Common Outcomes & Processes:
* Lifting/Bleaching is Required: Brunette hair contains a lot of red and orange underlying pigment. To achieve blonde, you need to lift the natural color out of the hair shaft. This usually involves using a bleaching agent (developer and lightener powder) that opens the hair cuticle and oxidizes the melanin (the pigment that gives hair its color).
* Hair Damage: Bleaching is damaging to the hair, as it weakens the hair shaft. The more levels of lift required, the more damage there will be. This can lead to dryness, breakage, split ends, and a change in hair texture.
* Brassy or Orange Tones: If the hair isn't lifted enough, or if the lifting process isn't done correctly, the underlying warm tones (orange, red, yellow) can become very prominent. This results in "brassy" blonde.
* Multiple Sessions: Going from very dark brown to very light blonde often requires multiple salon sessions spaced several weeks apart. This allows the hair to recover somewhat between treatments and minimizes damage.
* Toner: After bleaching, a toner is usually applied. Toners deposit pigment to neutralize unwanted warm tones (like brassiness) and create the desired blonde shade. They can add ashy, cool, or neutral tones.
* Uneven Results: Uneven application of bleach, using the wrong developer strength, or having hair that's been previously chemically treated can lead to patchy or uneven blonde.
* Color Correction: If the results are undesirable (too brassy, uneven, too damaged), color correction might be needed.
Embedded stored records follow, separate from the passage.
lemma nn_integral_heads_majorant_le:
  assumes b: "b \<ge> 1" and s: "s \<ge> 0"
  shows "(\<integral>\<^sup>+\<omega>. heads_majorant b s \<omega> \<partial>model_space) \<le> ennreal (exp ((b - 1) / 2 * s))"
proof -
  interpret prob_space model_space
    by (rule prob_space_model_space)
  define c where "c = (1 + b) / 2"
  have c: "c \<ge> 1" "(b - 1) / 2 = c - 1"
    using b by (simp_all add: c_def field_simps)
  have "(\<integral>\<^sup>+\<omega>. heads_majorant b s \<omega> \<partial>model_space) = 1 + (\<Sum>k. \<integral>\<^sup>+\<omega>. majorant_term b s k \<omega> \<partial>model_space)"
    unfolding heads_majorant_def by (simp add: nn_integral_add nn_integral_suminf emeasure_space_1)
  also have "\<dots> = 1 + (\<Sum>k. ennreal ((c - 1) * c ^ k * erlang_CDF k 1 s))"
    using b s by (simp add: nn_integral_majorant_term c_def field_simps)
  also have "(\<Sum>k. ennreal ((c - 1) * c ^ k * erlang_CDF k 1 s)) \<le> ennreal (exp ((c - 1) * s) - 1)"
  proof (rule suminf_le_const)
    fix K
    have "(\<Sum>k<K. ennreal ((c - 1) * c ^ k * erlang_CDF k 1 s)) = ennreal (\<Sum>k<K. (c - 1) * c ^ k * erlang_CDF k 1 s)"
      using c by (intro sum_ennreal) (simp add: erlang_CDF_nonneg)
    also have "\<dots> \<le> ennreal (exp ((c - 1) * s) - 1)"
      using erlang_CDF_series_le[OF c(1), of 1 s K] s by (simp add: ennreal_leI)
    finally show "(\<Sum>k<K. ennreal ((c - 1) * c ^ k * erlang_CDF k 1 s)) \<le> ennreal (exp ((c - 1) * s) - 1)" .
  qed simp
  also have "1 + ennreal (exp ((c - 1) * s) - 1) = ennreal (exp ((c - 1) * s))"
    using c s ennreal_plus[of 1 "exp ((c - 1) * s) - 1"] by simp
  finally show ?thesis
    unfolding c(2) by (simp add: add_left_mono)
qed

lemma one_plus_powr_mean_value:
  fixes h p :: real
  assumes "h > 0"
  obtains K where "1 < K" "K < 1 + h" "(1 + h) powr p - 1 = h * (p * K powr (p - 1))"
proof -
  have "\<exists>K>1. K < 1 + h \<and> (1 + h) powr p - 1 powr p = (1 + h - 1) * (p * K powr (p - 1))"
    using assms by (intro MVT2) (auto intro: has_real_derivative_powr)
  then show ?thesis
    using that by auto
qed

lemma nn_integral_sup_Yproc_powr_le:
  assumes "mu \<ge> 0" "p \<ge> 0" "T \<ge> 0"
  shows "(\<integral>\<^sup>+\<omega>. (SUP t\<in>{0..T}. ennreal (Yproc tau mu N \<omega> t powr p)) \<partial>model_space)
           \<le> ennreal (mu powr p * exp (((1 + 1 / real N) powr p - 1) / 2 * (real N * T)))"
proof -
  define b where "b = (1 + 1 / real N) powr p"
  have b: "b \<ge> 1"
    using assms(2) by (simp add: b_def ge_one_powr_ge_zero)
  have [measurable]: "heads_majorant b (real N * T) \<in> borel_measurable model_space"
    unfolding heads_majorant_def by measurable
  have "(\<integral>\<^sup>+\<omega>. (SUP t\<in>{0..T}. ennreal (Yproc tau mu N \<omega> t powr p)) \<partial>model_space)
      \<le> (\<integral>\<^sup>+\<omega>. ennreal (mu powr p) * heads_majorant b (real N * T) \<omega> \<partial>model_space)"
    using Yproc_powr_le_majorant[OF assms(1,2)]
    by (intro nn_integral_mono SUP_least) (auto simp: b_def)
  also have "\<dots> = ennreal (mu powr p) * (\<integral>\<^sup>+\<omega>. heads_majorant b (real N * T) \<omega> \<partial>model_space)"
    by (rule nn_integral_cmult) measurable
  also have "\<dots> \<le> ennreal (mu powr p) * ennreal (exp ((b - 1) / 2 * (real N * T)))"
    using b assms(3) by (intro mult_left_mono nn_integral_heads_majorant_le) auto
  finally show ?thesis
    by (simp add: b_def ennreal_mult)
qed

lemma exists_sup_Yproc_moment_bound:
  fixes tau mu p :: real and N :: nat
  assumes mu: "mu \<ge> 0" and p: "p \<ge> 1" and N: "N \<ge> 1"
  shows "\<exists>K::real. 1 < K \<and> K < 1 + 1 / real N \<and>
           (\<forall>T::real. T > 0 \<longrightarrow>
              (\<integral>\<^sup>+ \<omega>. (SUP t\<in>{0..T}. ennreal (Yproc tau mu N \<omega> t powr p)) \<partial>model_space)
                \<le> ennreal (mu powr p * exp (p * K powr (p - 1) * T)))"
proof -
  obtain K where K: "1 < K" "K < 1 + 1 / real N"
    and mvt: "(1 + 1 / real N) powr p - 1 = 1 / real N * (p * K powr (p - 1))"
    using one_plus_powr_mean_value[of "1 / real N" p] N by auto
  have "(\<integral>\<^sup>+ \<omega>. (SUP t\<in>{0..T}. ennreal (Yproc tau mu N \<omega> t powr p)) \<partial>model_space)
          \<le> ennreal (mu powr p * exp (p * K powr (p - 1) * T))" if T: "T > 0" for T
  proof -
    have "((1 + 1 / real N) powr p - 1) / 2 * (real N * T) = p * K powr (p - 1) * T / 2"
      using N by (simp add: mvt)
    also have "\<dots> \<le> p * K powr (p - 1) * T"
      using p T by simp
    finally have "ennreal (mu powr p * exp (((1 + 1 / real N) powr p - 1) / 2 * (real N * T)))
        \<le> ennreal (mu powr p * exp (p * K powr (p - 1) * T))"
      by (intro ennreal_leI mult_left_mono) simp_all
    then show ?thesis
      using p by (intro order_trans[OF nn_integral_sup_Yproc_powr_le[OF mu _ less_imp_le[OF T]]]) simp_all
  qed
  with K show ?thesis
    by blast
qed

lemma nn_integral_Yproc_powr_le_uniform:
  assumes "mu \<ge> 0" "p \<ge> 1" "N \<ge> 1" "T > 0" "t \<in> {0..T}"
  shows "(\<integral>\<^sup>+\<omega>. ennreal (Yproc tau mu N \<omega> t powr p) \<partial>model_space)
           \<le> ennreal (mu powr p * exp (p * 2 powr (p - 1) * T))"
proof -
  obtain K where K: "1 < K" "K < 1 + 1 / real N"
    and bound: "(\<integral>\<^sup>+ \<omega>. (SUP t\<in>{0..T}. ennreal (Yproc tau mu N \<omega> t powr p)) \<partial>model_space)
                  \<le> ennreal (mu powr p * exp (p * K powr (p - 1) * T))"
    using exists_sup_Yproc_moment_bound[OF assms(1-3), of tau] assms(4) by blast
  have "1 / real N \<le> 1"
    using assms(3) by simp
  then have "K powr (p - 1) \<le> 2 powr (p - 1)"
    using K assms(2) by (intro powr_mono2) auto
  then have "exp (p * K powr (p - 1) * T) \<le> exp (p * 2 powr (p - 1) * T)"
    using assms(2,4) by (simp add: mult_right_mono)
  then have "ennreal (mu powr p * exp (p * K powr (p - 1) * T))
      \<le> ennreal (mu powr p * exp (p * 2 powr (p - 1) * T))"
    by (intro ennreal_leI mult_left_mono) simp_all
  moreover have "(\<integral>\<^sup>+\<omega>. ennreal (Yproc tau mu N \<omega> t powr p) \<partial>model_space)
      \<le> (\<integral>\<^sup>+ \<omega>. (SUP t\<in>{0..T}. ennreal (Yproc tau mu N \<omega> t powr p)) \<partial>model_space)"
    using assms(5) by (intro nn_integral_mono SUP_upper)
  ultimately show ?thesis
    using bound by (meson order_trans)
qed

theorem lemma3p1:
  fixes tau mu :: real
  assumes "tau > 0" and "mu \<ge> 0"
  shows "(\<forall>p::real. p \<ge> 1 \<longrightarrow> (\<forall>N::nat. N \<ge> 1 \<longrightarrow>
            (\<exists>K::real. 1 < K \<and> K < 1 + 1 / real N \<and>
              (\<forall>T::real. T > 0 \<longrightarrow>
                 (\<integral>\<^sup>+ \<omega>. (SUP t\<in>{0..T}. ennreal (Yproc tau mu N \<omega> t powr p)) \<partial>model_space)
                   \<le> ennreal (mu powr p * exp (p * K powr (p - 1) * T))))))
       \<and> (\<forall>p::real. p \<ge> 1 \<longrightarrow> (\<forall>T::real. T > 0 \<longrightarrow>
            (\<exists>C::real. \<forall>N::nat. N \<ge> 1 \<longrightarrow> (\<forall>t\<in>{0..T}.
               (\<integral>\<^sup>+ \<omega>. ennreal (Yproc tau mu N \<omega> t powr p) \<partial>model_space) \<le> ennreal C))))"
  using exists_sup_Yproc_moment_bound[OF assms(2)] nn_integral_Yproc_powr_le_uniform[OF assms(2)] by blast

end
(* Let $\Lambda$ be a row-finite $k$-graph with no sources and let $\alpha$ be an action of $\mathbb{Z}^l$ on $\Lambda$ by automorphisms. Then $\Lambda$ is $\alpha$-cofinal if and only if $\Lambda\times_\alpha\mathbb{Z}^l$ is cofinal.
   Context: A $k$-graph is a countable category $\Lambda$ with a functor $d:\Lambda\to\mathbb{N}^k$ with unique factorisation; vertices are degree-$0$ morphisms; $v\Lambda w=\{\lambda:r(\lambda)=v,s(\lambda)=w\}$; row-finite: each $v\Lambda^n$ finite; no sources: each $v\Lambda^n$ nonempty. An automorphism is a bijective degree-preserving functor. $\Lambda\times_\alpha\mathbb{Z}^l$ is the $(k+l)$-graph with morphisms $\Lambda\times\mathbb{N}^l$, degree $(d(\lambda),m)$, $r(\lambda,m)=(r(\lambda),0)$, $s(\lambda,m)=(\alpha_{-m}(s(\lambda)),0)$, $(\mu,m)(\nu,n)=(\mu\alpha_m(\nu),m+n)$. For a $j$-graph $\Gamma$, $\Gamma^\infty$ is the set of degree-preserving functors $x:\Omega_j\to\Gamma$ ($\Omega_j=\{(a,b)\in\mathbb{N}^j\times\mathbb{N}^j:a\le b\}$, $r(a,b)=(a,a)$, $s(a,b)=(b,b)$, $d(a,b)=b-a$), and $x(n):=x(n,n)$. $\Gamma$ (row-finite, no sources) is cofinal if for every $x\in\Gamma^\infty$ and vertex $v$ there is $n$ with $v\Gamma x(n)\ne\emptyset$. $\Lambda$ is $\alpha$-cofinal if for every vertex $v$ and $x\in\Lambda^\infty$ there exist $p\in\mathbb{N}^k$ and $m,n\in\mathbb{N}^l$ with $\alpha_{-m}(v)\Lambda\alpha_{-n}(x(p))\ne\emptyset$. *)

theory Defs
  imports Main "HOL-Library.Function_Algebras" "HOL-Library.Countable_Set"
begin

text \<open>A k-graph is encoded as a category given by its set of morphisms, range and
 source maps (returning the identity morphism at the range / source object),
 a (partial) composition, and a degree map into N^k, where N^k is represented as
 'k => nat for a finite index type 'k (so k = CARD('k)).\<close>

record ('a, 'k) kgraph =
  Mor :: "'a set"
  rg  :: "'a \<Rightarrow> 'a"
  sr  :: "'a \<Rightarrow> 'a"
  cp  :: "'a \<Rightarrow> 'a \<Rightarrow> 'a"
  dg  :: "'a \<Rightarrow> 'k \<Rightarrow> nat"

definition is_category :: "('a, 'k) kgraph \<Rightarrow> bool" where
  "is_category G \<longleftrightarrow>
     (\<forall>f\<in>Mor G. rg G f \<in> Mor G \<and> sr G f \<in> Mor G) \<and>
     (\<forall>f\<in>Mor G. rg G (rg G f) = rg G f \<and> sr G (rg G f) = rg G f \<and>
                 rg G (sr G f) = sr G f \<and> sr G (sr G f) = sr G f) \<and>
     (\<forall>f\<in>Mor G. cp G (rg G f) f = f \<and> cp G f (sr G f) = f) \<and>
     (\<forall>f\<in>Mor G. \<forall>g\<in>Mor G. sr G f = rg G g \<longrightarrow>
        cp G f g \<in> Mor G \<and> rg G (cp G f g) = rg G f \<and> sr G (cp G f g) = sr G g) \<and>
     (\<forall>f\<in>Mor G. \<forall>g\<in>Mor G. \<forall>h\<in>Mor G. sr G f = rg G g \<longrightarrow> sr G g = rg G h \<longrightarrow>
        cp G (cp G f g) h = cp G f (cp G g h))"

definition is_kgraph :: "('a, 'k::finite) kgraph \<Rightarrow> bool" where
  "is_kgraph G \<longleftrightarrow> is_category G \<and> countable (Mor G) \<and>
     (\<forall>f\<in>Mor G. \<forall>g\<in>Mor G. sr G f = rg G g \<longrightarrow> dg G (cp G f g) = dg G f + dg G g) \<and>
     (\<forall>f\<in>Mor G. \<forall>m n. dg G f = m + n \<longrightarrow>
        (\<exists>!p. fst p \<in> Mor G \<and> snd p \<in> Mor G \<and> sr G (fst p) = rg G (snd p) \<and>
              cp G (fst p) (snd p) = f \<and> dg G (fst p) = m \<and> dg G (snd p) = n))"

definition vertices :: "('a, 'k) kgraph \<Rightarrow> 'a set" where
  "vertices G = {v \<in> Mor G. dg G v = 0}"

definition paths_between :: "('a, 'k) kgraph \<Rightarrow> 'a \<Rightarrow> 'a \<Rightarrow> 'a set" where
  "paths_between G v w = {f \<in> Mor G. rg G f = v \<and> sr G f = w}"

definition row_finite :: "('a, 'k) kgraph \<Rightarrow> bool" where
  "row_finite G \<longleftrightarrow> (\<forall>v\<in>vertices G. \<forall>n. finite {f \<in> Mor G. rg G f = v \<and> dg G f = n})"

definition no_sources :: "('a, 'k) kgraph \<Rightarrow> bool" where
  "no_sources G \<longleftrightarrow> (\<forall>v\<in>vertices G. \<forall>n. {f \<in> Mor G. rg G f = v \<and> dg G f = n} \<noteq> {})"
This is a more complex process that involves adjusting the color to achieve a more even and desirable result.
* Potential for Hair Breakage or Chemical Cut-Off: If over-processed or damaged, hair can become extremely fragile and prone to breakage. In severe cases, the hair can even break off at the root (chemical cut-off).
Factors Influencing the Outcome:
* Starting Hair Color: The darker the natural hair color, the harder it is to achieve a light blonde.
* Desired Shade of Blonde: A subtle, honey blonde is easier to achieve than platinum blonde.
* Hair Condition: Healthy, virgin hair will lift better and sustain less damage than hair that's already been chemically treated.
* Products Used: High-quality bleach, developer, and toners can help minimize damage and improve the final result.
* Skill of the Colorist: A skilled and experienced colorist can assess the hair's condition, choose the appropriate products, and apply them correctly to achieve the desired blonde while minimizing damage. At home bleaching can lead to major issues if not done right.
Here's a simplified breakdown:
1. Bleach: The brunette applies bleach to their hair.
2. Lifting: The bleach lifts the natural hair color.
3. Warm Tones: Underlying warm tones are revealed (orange, red, yellow).
4. Toner: Toner is applied to neutralize unwanted warm tones.
5. Final Result: Ideally, the hair is blonde, but it may be brassy, damaged, or uneven depending on the factors mentioned above.
In conclusion, dyeing brunette hair blonde is a significant chemical process that carries risks. It's generally recommended to consult with a professional colorist to ensure the best possible outcome and minimize damage. At-home bleaching can lead to unintended and undesirable results if not done properly.